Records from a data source
■ ■ ■ ■ ■ ■ ■

(* Let $n,k\ge1$ and $\theta>0$. Let $r_1,\dots,r_k$ be nonnegative integers with $r:=\sum_{i=1}^k r_i\le n$ and $\kappa:=\sum_{i=1}^k ir_i\le k$. Then $$\mathbf E\left[\prod_{i=1}^k\{A_{n,k}(i)\}_{r_i}\right]=\{n\}_r\{k\}_\kappa\,\frac{\sigma_{k-\kappa}((n-r)\theta)}{\sigma_k(n\theta)}\prod_{i=1}^k\left(\frac{\sigma_i(\theta)}{i!}\right)^{r_i}.$$
   Context: Let $(\phi_m)_{m\ge1}$ be nonnegative reals with $\phi_1>0$ such that $\phi(x)=\sum_{m\ge1}\phi_m x^m/m!$ has positive radius of convergence. For $\theta>0$ define the polynomials $\sigma_k(\theta)$ by $e^{\theta\phi(x)}=1+\sum_{k\ge1}\sigma_k(\theta)x^k/k!$, with $\sigma_0\equiv1$. For integers $n,k\ge1$, let $\mathbf K_{n,k}=(K_{n,k}(1),\dots,K_{n,k}(n))$ be a random vector in $\mathbb N_0^n$ with $$\mathbf P(\mathbf K_{n,k}=(k_1,\dots,k_n))=\frac{k!}{\sigma_k(n\theta)}\prod_{m=1}^n\frac{\sigma_{k_m}(\theta)}{k_m!}\quad\text{for } k_1+\dots+k_n=k.$$ For $i=0,\dots,k$ let $A_{n,k}(i):=\#\{m:K_{n,k}(m)=i\}$. The falling factorial is $\{a\}_l=a(a-1)\cdots(a-l+1)$, with $\{a\}_0=1$. *)

theory Defs
  imports "HOL-Analysis.Analysis" "HOL-Computational_Algebra.Formal_Power_Series"
begin

definition ffact :: "real \<Rightarrow> nat \<Rightarrow> real" where
  "ffact a l = (\<Prod>j<l. a - real j)"

definition phi_fps :: "(nat \<Rightarrow> real) \<Rightarrow> real fps" where
  "phi_fps ph = Abs_fps (\<lambda>m. if m = 0 then 0 else ph m / fact m)"

definition sigma :: "(nat \<Rightarrow> real) \<Rightarrow> nat \<Rightarrow> real \<Rightarrow> real" where
  "sigma ph k \<theta> = fact k * fps_nth (fps_exp 1 oo (fps_const \<theta> * phi_fps ph)) k"

text \<open>Support of K_{n,k}: vectors (k_1,...,k_n), encoded as functions vanishing outside {1..n}.\<close>
definition compositions :: "nat \<Rightarrow> nat \<Rightarrow> (nat \<Rightarrow> nat) set" where
  "compositions n k = {v. (\<forall>m. m \<notin> {1..n} \<longrightarrow> v m = 0) \<and> (\<Sum>m=1..n. v m) = k}"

■ ■ ■ ■ ■ ■ ■

▶ **Prompt**: The answer is every entry, repeated word for word.

▶ **Final answer**:
(* Let $n,k\ge1$ and $\theta>0$. Let $r_1,\dots,r_k$ be nonnegative integers with $r:=\sum_{i=1}^k r_i\le n$ and $\kappa:=\sum_{i=1}^k ir_i\le k$. Then $$\mathbf E\left[\prod_{i=1}^k\{A_{n,k}(i)\}_{r_i}\right]=\{n\}_r\{k\}_\kappa\,\frac{\sigma_{k-\kappa}((n-r)\theta)}{\sigma_k(n\theta)}\prod_{i=1}^k\left(\frac{\sigma_i(\theta)}{i!}\right)^{r_i}.$$
   Context: Let $(\phi_m)_{m\ge1}$ be nonnegative reals with $\phi_1>0$ such that $\phi(x)=\sum_{m\ge1}\phi_m x^m/m!$ has positive radius of convergence. For $\theta>0$ define the polynomials $\sigma_k(\theta)$ by $e^{\theta\phi(x)}=1+\sum_{k\ge1}\sigma_k(\theta)x^k/k!$, with $\sigma_0\equiv1$. For integers $n,k\ge1$, let $\mathbf K_{n,k}=(K_{n,k}(1),\dots,K_{n,k}(n))$ be a random vector in $\mathbb N_0^n$ with $$\mathbf P(\mathbf K_{n,k}=(k_1,\dots,k_n))=\frac{k!}{\sigma_k(n\theta)}\prod_{m=1}^n\frac{\sigma_{k_m}(\theta)}{k_m!}\quad\text{for } k_1+\dots+k_n=k.$$ For $i=0,\dots,k$ let $A_{n,k}(i):=\#\{m:K_{n,k}(m)=i\}$. The falling factorial is $\{a\}_l=a(a-1)\cdots(a-l+1)$, with $\{a\}_0=1$. *)

theory Defs
  imports "HOL-Analysis.Analysis" "HOL-Computational_Algebra.Formal_Power_Series"
begin

definition ffact :: "real \<Rightarrow> nat \<Rightarrow> real" where
  "ffact a l = (\<Prod>j<l. a - real j)"

definition phi_fps :: "(nat \<Rightarrow> real) \<Rightarrow> real fps" where
  "phi_fps ph = Abs_fps (\<lambda>m. if m = 0 then 0 else ph m / fact m)"

definition sigma :: "(nat \<Rightarrow> real) \<Rightarrow> nat \<Rightarrow> real \<Rightarrow> real" where
  "sigma ph k \<theta> = fact k * fps_nth (fps_exp 1 oo (fps_const \<theta> * phi_fps ph)) k"

text \<open>Support of K_{n,k}: vectors (k_1,...,k_n), encoded as functions vanishing outside {1..n}.\<close>
definition compositions :: "nat \<Rightarrow> nat \<Rightarrow> (nat \<Rightarrow> nat) set" where
  "compositions n k = {v. (\<forall>m. m \<notin> {1..n} \<longrightarrow> v m = 0) \<and> (\<Sum>m=1..n. v m) = k}"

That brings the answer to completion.